Given the fact that Vista isn't even due out for a few more months, I might have to wait a while.

I should note that my MacBook Pro's sleep function works as it should. Close the lid, Vista goes to sleep -- and the small LCD light even "breathes" as it should, alternately glowing brighter and then dimming. Open the lid, and Vista's ready to go again almost instantaneously. That's a far cry from the troublesome sleep/hibernation implementation that never seems to work right in XP. And if you're booting from scratch, you'll notice that it takes Vista about twice as long to fire up as Mac OS X. From Mac start-up chime to Windows desktop -- doesn't that sound strange? -- takes 1:01 on my MacBook Pro. OS X is ready to go in less than half that time.

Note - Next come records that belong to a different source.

(* Let $(W,R)$ be an $L5$-frame, let $g\colon V\to\mathrm{Pow}(W)$ be an assignment in $(W,R)$, and let $w_T\in W$ be an $R$-maximal element of $W$. Then there exist an $L5$-model $\mathcal{M}$ and an assignment $\gamma\colon V\to M$ such that for all formulas $\varphi$: $$(\mathcal{M},\gamma)\vDash\varphi\iff (w_T,g)\vDash\varphi.$$
   Context: Formulas are built from a countable set $V$ of propositional variables using $\wedge,\vee,\rightarrow,\bot$ and the unary modal operator $\square$; $\top$ abbreviates $\bot\rightarrow\bot$. An $L5$-frame is a pair $(W,R)$ with the following properties: - $W$ is a non-empty set; - $R$ is a partial order on $W$; - there is an $R$-smallest element $w_B$ (the bottom world); - every $R$-chain has an upper bound in $W$. An assignment in $(W,R)$ is a map $g\colon V\to\mathrm{Pow}(W)$ with $wRw'$ and $w\in g(x)$ implying $w'\in g(x)$. Kripke satisfaction is defined as follows: - $(w,g)\nvDash\bot$; - $(w,g)\vDash x$ iff $w\in g(x)$; - $\vee,\wedge$ are evaluated pointwise; - $(w,g)\vDash\varphi\rightarrow\psi$ iff for all $w'$ with $wRw'$, $(w',g)\vDash\varphi$ implies $(w',g)\vDash\psi$; - $(w,g)\vDash\square\varphi$ iff $(w_B,g)\vDash\varphi$. An $L5$-model is a structure $\mathcal{M}=(M,\mathit{TRUE},f_\bot,f_\top,f_\rightarrow,f_\vee,f_\wedge,f_\square)$ such that $(M,f_\bot,f_\top,f_\rightarrow,f_\vee,f_\wedge)$ is a Heyting algebra (lattice order $\le$). Moreover, $\mathit{TRUE}\subseteq M$ is an ultrafilter, and $f_\square\colon M\to M$ satisfies, for all $m,m',m''\in M$: (i) $f_\square(m)\le m$; (ii) $f_\square(f_\rightarrow(m,m'))\le f_\rightarrow(f_\square(f_\rightarrow(m',m'')),f_\square(f_\rightarrow(m,m'')))$; (iii) $f_\square(f_\vee(m,m'))\le f_\vee(f_\square(m),f_\square(m'))$; (iv) $f_\square(m)\in\mathit{TRUE}$ iff $m=f_\top$; (v) $f_\square(m)=f_\top$ if $m=f_\top$, and $f_\square(m)=f_\bot$ otherwise. An assignment $\gamma\colon V\to M$ extends to all formulas by: - $\gamma(\bot)=f_\bot$; - $\gamma(\square\varphi)=f_\square(\gamma(\varphi))$; - $\gamma(\varphi*\psi)=f_*(\gamma(\varphi),\gamma(\psi))$ for $*\in\{\vee,\wedge,\rightarrow\}$. Satisfaction is $(\mathcal{M},\gamma)\vDash\varphi$ iff $\gamma(\varphi)\in\mathit{TRUE}$. *)

theory Defs
  imports Main "HOL-Library.Countable"
begin

datatype 'v form =
    Var 'v
  | Bot
  | And "'v form" "'v form"
  | Or "'v form" "'v form"
  | Imp "'v form" "'v form"
  | Box "'v form"

definition Top :: "'v form" where "Top = Imp Bot Bot"

definition l5_frame :: "'w set \<Rightarrow> ('w \<Rightarrow> 'w \<Rightarrow> bool) \<Rightarrow> bool" where
  "l5_frame W R \<longleftrightarrow>
     W \<noteq> {} \<and>
     (\<forall>x y. R x y \<longrightarrow> x \<in> W \<and> y \<in> W) \<and>
     (\<forall>x\<in>W. R x x) \<and>
     (\<forall>x y z. R x y \<longrightarrow> R y z \<longrightarrow> R x z) \<and>
     (\<forall>x y. R x y \<longrightarrow> R y x \<longrightarrow> x = y) \<and>
     (\<exists>b\<in>W. \<forall>w\<in>W. R b w) \<and>
     (\<forall>C. C \<subseteq> W \<longrightarrow> (\<forall>x\<in>C. \<forall>y\<in>C. R x y \<or> R y x) \<longrightarrow>
        (\<exists>u\<in>W. \<forall>x\<in>C. R x u))"

definition bottom_world :: "'w set \<Rightarrow> ('w \<Rightarrow> 'w \<Rightarrow> bool) \<Rightarrow> 'w" where
  "bottom_world W R = (THE b. b \<in> W \<and> (\<forall>w\<in>W. R b w))"

definition frame_assignment ::
  "'w set \<Rightarrow> ('w \<Rightarrow> 'w \<Rightarrow> bool) \<Rightarrow> ('v \<Rightarrow> 'w set) \<Rightarrow> bool" where
  "frame_assignment W R g \<longleftrightarrow>
     (\<forall>x. g x \<subseteq> W) \<and> (\<forall>x w w'. R w w' \<longrightarrow> w \<in> g x \<longrightarrow> w' \<in> g x)"

fun ksat :: "'w set \<Rightarrow> ('w \<Rightarrow> 'w \<Rightarrow> bool) \<Rightarrow> ('v \<Rightarrow> 'w set) \<Rightarrow> 'w \<Rightarrow> 'v form \<Rightarrow> bool" where
  "ksat W R g w Bot = False"
| "ksat W R g w (Var x) = (w \<in> g x)"
| "ksat W R g w (And \<phi> \<psi>) = (ksat W R g w \<phi> \<and> ksat W R g w \<psi>)"
| "ksat W R g w (Or \<phi> \<psi>) = (ksat W R g w \<phi> \<or> ksat W R g w \<psi>)"
| "ksat W R g w (Imp \<phi> \<psi>) =
     (\<forall>w'. R w w' \<longrightarrow> ksat W R g w' \<phi> \<longrightarrow> ksat W R g w' \<psi>)"
| "ksat W R g w (Box \<phi>) = ksat W R g (bottom_world W R) \<phi>"

definition r_maximal :: "'w set \<Rightarrow> ('w \<Rightarrow> 'w \<Rightarrow> bool) \<Rightarrow> 'w \<Rightarrow> bool" where
  "r_maximal W R wT \<longleftrightarrow> wT \<in> W \<and> (\<forall>w\<in>W. R wT w \<longrightarrow> w = wT)"

definition hle :: "('m \<Rightarrow> 'm \<Rightarrow> 'm) \<Rightarrow> 'm \<Rightarrow> 'm \<Rightarrow> bool" where
  "hle fand a b \<longleftrightarrow> fand a b = a"

definition heyting_algebra ::
  "'m set \<Rightarrow> 'm \<Rightarrow> 'm \<Rightarrow> ('m \<Rightarrow> 'm \<Rightarrow> 'm) \<Rightarrow> ('m \<Rightarrow> 'm \<Rightarrow> 'm) \<Rightarrow> ('m \<Rightarrow> 'm \<Rightarrow> 'm) \<Rightarrow> bool" where
  "heyting_algebra M fbot ftop fimp for fand \<longleftrightarrow>
     fbot \<in> M \<and> ftop \<in> M \<and>
     (\<forall>a\<in>M. \<forall>b\<in>M. fimp a b \<in> M \<and> for a b \<in> M \<and> fand a b \<in> M) \<and>
     (\<forall>a\<in>M. \<forall>b\<in>M. for a b = for b a \<and> fand a b = fand b a) \<and>
     (\<forall>a\<in>M. \<forall>b\<in>M. \<forall>c\<in>M. for (for a b) c = for a (for b c) \<and>
                              fand (fand a b) c = fand a (fand b c)) \<and>
     (\<forall>a\<in>M. \<forall>b\<in>M. for a (fand a b) = a \<and> fand a (for a b) = a) \<and>
     (\<forall>a\<in>M. hle fand fbot a \<and> hle fand a ftop) \<and>
     (\<forall>a\<in>M. \<forall>b\<in>M. \<forall>c\<in>M. hle fand (fand a b) c \<longleftrightarrow> hle fand a (fimp b c))"
theorem theorem2:
  fixes L :: "(real^'n) \<times> (real^'m) \<Rightarrow> real"
    and R a0 :: real and zs z0 :: "(real^'n) \<times> (real^'m)"
  assumes "R > 0"
    and "R_smooth R L"
    and "convex_concave L"
    and "saddle_point L zs"
    and "0 < a0" and "a0 < 3 / (4 * R)"
  shows "\<forall>k. (norm (grad L (eag_z L R a0 z0 k)))^2
          \<le> 4 * (1 + a0 * lim (eag_alpha R a0) * R^2) / (lim (eag_alpha R a0))^2
            * (norm (z0 - zs))^2 / ((real k + 1) * (real k + 2))"
proof
  fix k
  have "decseq (eag_potential L R a0 z0)"
    by (rule decseq_SucI) (rule eag_potential_Suc_le[OF assms(1-3,5,6)])
  then have "eag_potential L R a0 z0 k \<le> eag_potential L R a0 z0 0"
    by (rule decseqD) simp
  also have "\<dots> \<le> a0 * R\<^sup>2 * (norm (z0 - zs))\<^sup>2"
    by (rule eag_potential_0_le[OF assms(2,4,5)])
  finally have "eag_alpha R a0 k * (real k + 1) * (real k + 2) / 2 * (norm (grad L (eag_z L R a0 z0 k)))\<^sup>2
      - (real k + 1) * norm (grad L (eag_z L R a0 z0 k)) * norm (z0 - zs)
      \<le> a0 * R\<^sup>2 * (norm (z0 - zs))\<^sup>2"
    using eag_potential_ge[OF assms(2-4)]
    unfolding norm_saddle_op[symmetric] by (rule order_trans[rotated])
  then show "(norm (grad L (eag_z L R a0 z0 k)))^2
          \<le> 4 * (1 + a0 * lim (eag_alpha R a0) * R^2) / (lim (eag_alpha R a0))^2
            * (norm (z0 - zs))^2 / ((real k + 1) * (real k + 2))"
    by (rule eag_rate_of_potential_bound[OF of_nat_0_le_iff eag_alpha_lim[OF assms(1,5,6)]])
qed

end
(* Let $\Bbbk$ be a field with $\operatorname{char}\Bbbk\neq 2$, and let $H_4^{(-)}$ be the Lie algebra defined in the context, with basis $1,g,e,f$. Let $L$ be a three-dimensional non-abelian Lie subalgebra of $H_4^{(-)}$. Then $L=\operatorname{span}(\alpha 1+g,e,f)$ for some $\alpha\in\Bbbk$, or $L=\operatorname{span}(1,g+\gamma e,f)$ for some $\gamma\in\Bbbk$, or $L=\operatorname{span}(1,g+\gamma f,e)$ for some $\gamma\in\Bbbk$. If moreover $L$ is an ideal of $H_4^{(-)}$, then $L=I:=\Bbbk 1+\Bbbk e+\Bbbk f$ or $L=J_\alpha:=\Bbbk(\alpha 1+g)+\Bbbk e+\Bbbk f$ for some $\alpha\in\Bbbk$.
   Context: $H_4$ is the Sweedler algebra over $\Bbbk$: the 4-dimensional associative unital algebra generated by $g,x$ with relations $g^2=1$, $x^2=0$, $xg=-gx$, with basis $1,g,x,gx$. $H_4^{(-)}$ is the Lie algebra on the vector space $H_4$ with bracket $[a,b]=ab-ba$. Put $e=x+gx$ and $f=x-gx$; then $1,g,e,f$ is a basis of $H_4$ and $[1,g]=[1,e]=[1,f]=0$, $[g,e]=2e$, $[g,f]=-2f$, $[e,f]=0$. *)

theory Defs
  imports Main
begin

text \<open>The Sweedler algebra H4 over a field 'k, elements written in the basis 1, g, x, gx:
  H4c a b c d = a*1 + b*g + c*x + d*gx.\<close>

datatype 'k h4 = H4c 'k 'k 'k 'k

fun h4_add :: "'k::field h4 \<Rightarrow> 'k h4 \<Rightarrow> 'k h4" where
  "h4_add (H4c a b c d) (H4c a' b' c' d') = H4c (a + a') (b + b') (c + c') (d + d')"
lemma quasicontinuous_map_D2_agree_in_closure_interior:
  assumes g: "quasicontinuous_map X D2 g"
    and x: "x \<in> topspace X - discontinuity_points X f" "g x = f x"
  shows "x \<in> X closure_of (X interior_of {y \<in> topspace X. g y = f y})"
proof -
  let ?Ig = "X interior_of {y \<in> topspace X. g y = g x}"
  let ?If = "X interior_of {y \<in> topspace X. f y = f x}"
  have "x \<in> ?If"
    using x by (simp add: discontinuity_points_def)
  moreover have "x \<in> X closure_of ?Ig"
    using x by (intro quasicontinuous_map_D2_in_closure_interior_fibre[OF g]) simp
  ultimately have "x \<in> X closure_of (?If \<inter> ?Ig)"
    by (metis IntI openin_Int_closure_of_subset openin_interior_of subsetD)
  moreover have "?If \<inter> ?Ig \<subseteq> X interior_of {y \<in> topspace X. g y = f y}"
    unfolding interior_of_Int[symmetric] by (intro interior_of_mono subsetI) (simp add: x(2))
  ultimately show ?thesis
    using closure_of_mono by blast
qed

lemma quasicontinuous_map_D2_agreeing_closure_cover:
  assumes A_qc: "\<And>g. g \<in> A \<Longrightarrow> quasicontinuous_map X D2 g"
    and approx: "\<And>F. finite F \<Longrightarrow> F \<subseteq> topspace X \<Longrightarrow> \<exists>g\<in>A. \<forall>x\<in>F. g x = f x"
    and T: "openin X T" "discontinuity_points X f \<subseteq> T"
    and H: "finite H" "H \<subseteq> topspace X" and F: "finite F" "F \<subseteq> topspace X"
  shows "\<exists>g\<in>A. (\<forall>x\<in>H. g x = f x) \<and>
           F \<subseteq> X closure_of (X interior_of {x \<in> topspace X. g x = f x} \<union> T)"
proof -
  have "\<exists>g\<in>A. \<forall>x\<in>F \<union> H. g x = f x"
    using F H by (intro approx) auto
  then obtain g where g: "g \<in> A" "\<forall>x\<in>F \<union> H. g x = f x"
    by blast
  have "x \<in> X closure_of (X interior_of {x \<in> topspace X. g x = f x}) \<union> X closure_of T" if x: "x \<in> F" for x
  proof (cases "x \<in> discontinuity_points X f")
    case True
    then have "x \<in> T"
      using T(2) by blast
    then show ?thesis
      using closure_of_subset[OF openin_subset[OF T(1)]] by blast
  next
    case False
    then have "x \<in> topspace X - discontinuity_points X f" "g x = f x"
      using x F g(2) by auto
    then show ?thesis
      using quasicontinuous_map_D2_agree_in_closure_interior[OF A_qc[OF g(1)]] by blast
  qed
  then have "F \<subseteq> X closure_of (X interior_of {x \<in> topspace X. g x = f x} \<union> T)"
    by auto
  then show ?thesis
    using g by blast
qed

lemma countable_tightness_Qp_imp_K_Omega_Lindelof:
  assumes "countable_tightness (Qp X)"
  shows "K_Omega_Lindelof X"
  unfolding K_Omega_Lindelof_def
proof
  fix \<U> assume "\<U> \<in> K_Omega X"
  then have open_U: "\<forall>U\<in>\<U>. openin X U" and nondense_U: "\<forall>U\<in>\<U>. X closure_of U \<noteq> topspace X"
    and omega_U: "\<forall>F. finite F \<and> F \<subseteq> topspace X \<longrightarrow> (\<exists>U\<in>\<U>. F \<subseteq> X closure_of U)"
    by (simp_all add: K_Omega_iff)
  let ?one = "closure_indicator X (topspace X)"
  have one_cl: "?one \<in> Qp X closure_of (closure_indicator X ` \<U>)"
    using omega_U by (simp only: closure_indicator_topspace_in_closure_of_Qp_iff[OF open_U])
  have one_Qp: "?one \<in> topspace (Qp X)" and U_Qp: "closure_indicator X ` \<U> \<subseteq> topspace (Qp X)"
    using open_U closure_indicator_in_topspace_Qp by auto
  obtain B where B: "B \<subseteq> closure_indicator X ` \<U>" "countable B" "?one \<in> Qp X closure_of B"
    using assms[unfolded countable_tightness_def, rule_format, OF one_Qp conjI[OF U_Qp one_cl]] by blast
  then obtain \<V> where V: "\<V> \<subseteq> \<U>" "countable \<V>" "B = closure_indicator X ` \<V>"
    using countable_subset_image[of B "closure_indicator X" \<U>] by blast
  have open_V: "\<forall>V\<in>\<V>. openin X V"
    using V(1) open_U by blast
  have nondense_V: "\<forall>V\<in>\<V>. X closure_of V \<noteq> topspace X"
    using V(1) nondense_U by blast
  have "?one \<in> Qp X closure_of (closure_indicator X ` \<V>)"
    using B(3) unfolding V(3) .
  then have "\<forall>F. finite F \<and> F \<subseteq> topspace X \<longrightarrow> (\<exists>V\<in>\<V>. F \<subseteq> X closure_of V)"
    by (simp only: closure_indicator_topspace_in_closure_of_Qp_iff[OF open_V])
  then have "\<V> \<in> K_Omega X"
    unfolding K_Omega_iff using open_V nondense_V by (intro conjI)
  then show "\<exists>\<V>\<subseteq>\<U>. countable \<V> \<and> \<V> \<in> K_Omega X"
    using V by blast
qed
lemma fst_used_subset: "fst (used V E w F s i) \<subseteq> F"
proof (induction i)
  case (Suc i)
  show ?case
  proof (cases "class_exists V E w F s (Suc i)")
    case True
    with Suc.IH classF_subset[OF True] show ?thesis
      by (auto simp: used_Suc_class[OF True])
  next
    case False
    with Suc.IH show ?thesis
      by (simp add: class_exists_Suc_iff used_Suc_exhausted)
  qed
qed simp

lemma card_fst_used: "fst (used V E w F s i) = F \<or> i \<le> card (fst (used V E w F s i))"
proof (induction i)
  case (Suc i)
  show ?case
  proof (cases "class_exists V E w F s (Suc i)")
    case True
    let ?U = "fst (used V E w F s i)" and ?C = "classF V E w F s (Suc i)"
    have "?U \<subset> ?U \<union> ?C"
      using classF_nonempty[OF True] classF_subset[OF True] by auto
    moreover have "finite (?U \<union> ?C)"
      using finite_subset[OF fst_used_subset[of "Suc i"] finite_F]
      unfolding used_Suc_class[OF True] by simp
    ultimately have "card ?U < card (?U \<union> ?C)"
      by (intro psubset_card_mono)
    moreover have "?U \<noteq> F"
      using True unfolding class_exists_Suc_iff by blast
    ultimately have "Suc i \<le> card (?U \<union> ?C)"
      using Suc.IH by auto
    then show ?thesis
      unfolding used_Suc_class[OF True] by simp
  next
    case False
    then have "F \<subseteq> fst (used V E w F s i)"
      unfolding class_exists_Suc_iff by blast
    with fst_used_subset[of i] show ?thesis
      by (simp add: used_Suc_exhausted)
  qed
qed simp

lemma fst_used_card_F: "fst (used V E w F s (card F)) = F"
  using card_fst_used[of "card F"] fst_used_subset[of "card F"] card_seteq[OF finite_F] by blast

lemma first_class_meeting:
  assumes "X \<subseteq> F" and "X \<noteq> {}"
  obtains j where "class_exists V E w F s j" and "classF V E w F s j \<inter> X \<noteq> {}"
    and "\<forall>i. class_exists V E w F s i \<and> classF V E w F s i \<inter> X \<noteq> {} \<longrightarrow> j \<le> i"
    and "fst (used V E w F s (j - 1)) \<inter> X = {}"
proof -
  let ?U = "\<lambda>i. fst (used V E w F s i)"
  have "\<exists>n. ?U n \<inter> X \<noteq> {}"
    using assms by (intro exI[of _ "card F"]) (simp add: fst_used_card_F Int_absorb1)
  define n where "n = (LEAST n. ?U n \<inter> X \<noteq> {})"
  have hit: "?U n \<inter> X \<noteq> {}"
    unfolding n_def by (rule LeastI_ex) fact
  have miss: "?U m \<inter> X = {}" if "m < n" for m
    using that not_less_Least unfolding n_def by blast
  obtain k where n: "n = Suc k"
    using hit by (cases n) auto
  have k_miss: "?U k \<inter> X = {}"
    using miss n by simp
  have k_exists: "class_exists V E w F s (Suc k)"
  proof (rule ccontr)
    assume "\<not> class_exists V E w F s (Suc k)"
    then have "used V E w F s (Suc k) = used V E w F s k"
      by (simp add: class_exists_Suc_iff used_Suc_exhausted)
    with hit k_miss n show False by simp
  qed
  have "classF V E w F s (Suc k) \<inter> X \<noteq> {}"
    using hit k_miss unfolding n used_Suc_class[OF k_exists] by auto
  moreover have "Suc k \<le> i"
    if i_exists: "class_exists V E w F s i" and i_hit: "classF V E w F s i \<inter> X \<noteq> {}" for i
  proof -
    obtain m where i: "i = Suc m"
      using i_exists unfolding class_exists_def by (cases i) auto
    have "?U i \<inter> X \<noteq> {}"
      using i_hit unfolding i used_Suc_class[OF i_exists[unfolded i]] by auto
    with miss n show ?thesis
      by (meson not_less)
  qed
  ultimately show thesis
    using that[OF k_exists] k_miss by auto
qed

end
(* Let $G$ be a triangle-free graph on $n$ vertices that contains a leaf. Then $\phi(G)<0.93\cdot 6^{n/4}$.
   Context: Graphs are finite and simple; a leaf is a vertex of degree $1$. A subset $F$ of vertices is a dissociation set if $G[F]$ has maximum degree at most $1$; a maximal dissociation set is one not properly contained in another dissociation set; $\phi(G)$ is the number of maximal dissociation sets of $G$. *)

theory Defs
  imports Complex_Main
begin

definition simple_graph :: "'a set \<Rightarrow> ('a \<Rightarrow> 'a \<Rightarrow> bool) \<Rightarrow> bool" where
  "simple_graph V E \<longleftrightarrow> finite V \<and> (\<forall>u v. E u v \<longrightarrow> u \<in> V \<and> v \<in> V)
     \<and> (\<forall>u v. E u v \<longrightarrow> E v u) \<and> (\<forall>v. \<not> E v v)"

definition neighbors :: "'a set \<Rightarrow> ('a \<Rightarrow> 'a \<Rightarrow> bool) \<Rightarrow> 'a \<Rightarrow> 'a set" where
  "neighbors V E v = {u \<in> V. E v u}"

definition degree :: "'a set \<Rightarrow> ('a \<Rightarrow> 'a \<Rightarrow> bool) \<Rightarrow> 'a \<Rightarrow> nat" where
  "degree V E v = card (neighbors V E v)"

definition triangle_free :: "'a set \<Rightarrow> ('a \<Rightarrow> 'a \<Rightarrow> bool) \<Rightarrow> bool" where
  "triangle_free V E \<longleftrightarrow> \<not> (\<exists>a\<in>V. \<exists>b\<in>V. \<exists>c\<in>V. E a b \<and> E b c \<and> E a c)"

definition has_leaf :: "'a set \<Rightarrow> ('a \<Rightarrow> 'a \<Rightarrow> bool) \<Rightarrow> bool" where
  "has_leaf V E \<longleftrightarrow> (\<exists>v\<in>V. degree V E v = 1)"

definition dissociation_set :: "'a set \<Rightarrow> ('a \<Rightarrow> 'a \<Rightarrow> bool) \<Rightarrow> 'a set \<Rightarrow> bool" where
  "dissociation_set V E F \<longleftrightarrow> F \<subseteq> V \<and> (\<forall>v\<in>F. degree F E v \<le> 1)"

definition maximal_dissociation_set :: "'a set \<Rightarrow> ('a \<Rightarrow> 'a \<Rightarrow> bool) \<Rightarrow> 'a set \<Rightarrow> bool" where
  "maximal_dissociation_set V E F \<longleftrightarrow> dissociation_set V E F
     \<and> \<not> (\<exists>F'. dissociation_set V E F' \<and> F \<subset> F')"

definition phi :: "'a set \<Rightarrow> ('a \<Rightarrow> 'a \<Rightarrow> bool) \<Rightarrow> nat" where
  "phi V E = card {F. maximal_dissociation_set V E F}"

end

theory Submission
  imports Defs
begin

text \<open>
  Give each vertex of a triangle-free graph the weight \<open>\<omega>(d)\<close> of its degree \<open>d\<close>, where
  \<open>\<omega>(0) = 1\<close>, \<open>\<omega>(1) = \<sigma> = sqrt (3 / \<beta>)\<close> and \<open>\<omega>(d) = \<beta> = 6 powr (1/4)\<close> for \<open>d \<ge> 2\<close>,
  and let the weight of the graph be the product of the vertex weights. By induction on the
  number of vertices, \<open>\<phi>(G)\<close> is at most this weight. Branching on a vertex \<open>v\<close>, a maximal
  dissociation set avoids \<open>v\<close>, or contains \<open>v\<close> but no neighbour of it, or contains \<open>v\<close> and
  exactly one neighbour \<open>u\<close>; removing its part near \<open>v\<close> leaves a maximal dissociation set of
  \<open>G - v\<close>, \<open>G - N[v]\<close> or \<open>G - N[u] - N[v]\<close>, respectively. Deleting vertices divides the weight
  by a factor read off from the degrees, and for a suitable choice of \<open>v\<close> (an isolated vertex,
  a \<open>K\<^sub>2\<close> component, a leaf, a vertex of degree at least 4, a vertex of degree 3 next to one of
  degree 2, a vertex in a cubic part, or a 2-regular graph) these factors sum to at most 1.
  A leaf contributes \<open>\<sigma> < 0.93 \<beta>\<close> instead of \<open>\<beta>\<close>, which gives the bound \<open>0.93 \<cdot> 6\<^bsup>n/4\<^esup>\<close>.
\<close>

lemma card_le_sum_of_cover:
  assumes "A \<subseteq> B \<union> C \<union> (\<Union>i\<in>I. D i)"
    and "finite B" "finite C" "finite I" "\<And>i. i \<in> I \<Longrightarrow> finite (D i)"
  shows "card A \<le> card B + card C + (\<Sum>i\<in>I. card (D i))"
proof -
  have "card A \<le> card (B \<union> C \<union> (\<Union>i\<in>I. D i))"
    using assms by (intro card_mono) auto
  also have "\<dots> \<le> card B + card C + card (\<Union>i\<in>I. D i)"
    by (meson add_mono card_Un_le order_trans le_refl)
  also have "card (\<Union>i\<in>I. D i) \<le> (\<Sum>i\<in>I. card (D i))"
    using assms(4) by (rule card_UN_le)
  finally show ?thesis by simp
qed

lemma card_2_obtain:
  assumes "finite A" "card A = 2" "a \<in> A"
  obtains b where "A = {a, b}" "b \<noteq> a"
proof -
  have "card (A - {a}) = 1" using assms by simp
  then obtain b where "A - {a} = {b}" by (auto simp: card_Suc_eq)
  then show ?thesis using that assms(3) by blast
qed

lemma card_degree_classes:
  fixes g :: "'a \<Rightarrow> nat"
  assumes fin: "finite W" and pos: "\<forall>w\<in>W. 1 \<le> g w"
  shows "card {w \<in> W. 2 \<le> g w} = card {w \<in> W. g w = 2} + card {w \<in> W. 3 \<le> g w}"
    and "card W = card {w \<in> W. g w = 1} + card {w \<in> W. g w = 2} + card {w \<in> W. 3 \<le> g w}"
proof -
  have "{w \<in> W. 2 \<le> g w} = {w \<in> W. g w = 2} \<union> {w \<in> W. 3 \<le> g w}" by auto
  then show ge2: "card {w \<in> W. 2 \<le> g w} = card {w \<in> W. g w = 2} + card {w \<in> W. 3 \<le> g w}"
    using fin by (simp add: card_Un_disjoint disjoint_iff)
  have "{w \<in> W. g w = 1} \<union> {w \<in> W. 2 \<le> g w} = W" using pos by force
  moreover have "card ({w \<in> W. g w = 1} \<union> {w \<in> W. 2 \<le> g w}) = card {w \<in> W. g w = 1} + card {w \<in> W. 2 \<le> g w}"
    using fin by (simp add: card_Un_disjoint disjoint_iff)
  ultimately show "card W = card {w \<in> W. g w = 1} + card {w \<in> W. g w = 2} + card {w \<in> W. 3 \<le> g w}"
    using ge2 by simp
qed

There's been a lot of talk in the past about whether Vista in some way copies features already found in Mac OS X. I can say for sure that using Vista feels awfully familiar, as if XP had been taken to the Apple garage and buffed to a high gloss. There's the sidebar, which uses "gadgets" and functions differently than Apple's dock, which uses "widgets." There's Flip 3D, which appears to be Microsoft's take on Expose (and which I like). There's a "ribbon" screen saver that looks a lot like Apple's "flurry." And then there's the Aqua, I mean Aero interface, with its translucent windows and sparkly glasslike buttons. Apple fans will absolutely note similarities. I'll have more to add about the software side of things in my next look at Vista.

Still, I can say at least this much about Vista: I've had fun using it so far. Yes, Vista is still a work in progress and there are some annoyances that go hand-in-hand with running Windows -- the User Account Control window, for instance, pops up a lot. Why do I have to give an admin OK anytime I want to change the time and date? And what's with the plethora of control panels? By my count, there are 49! But so far there have been no show-stoppers. To paraphrase the praise usually reserved for Apple's Mac OS X, it just works. And on Apple hardware, it just works exceptionally well.

While there will no doubt be untold numbers of comparisons in the months ahead between Vista and Apple's upcoming Mac OS X 10.5, what I'm doing right now -- speeding along with Microsoft's next operating system on an Apple laptop -- would have been unheard of a year ago. Now, it could very well be a glimpse of the future.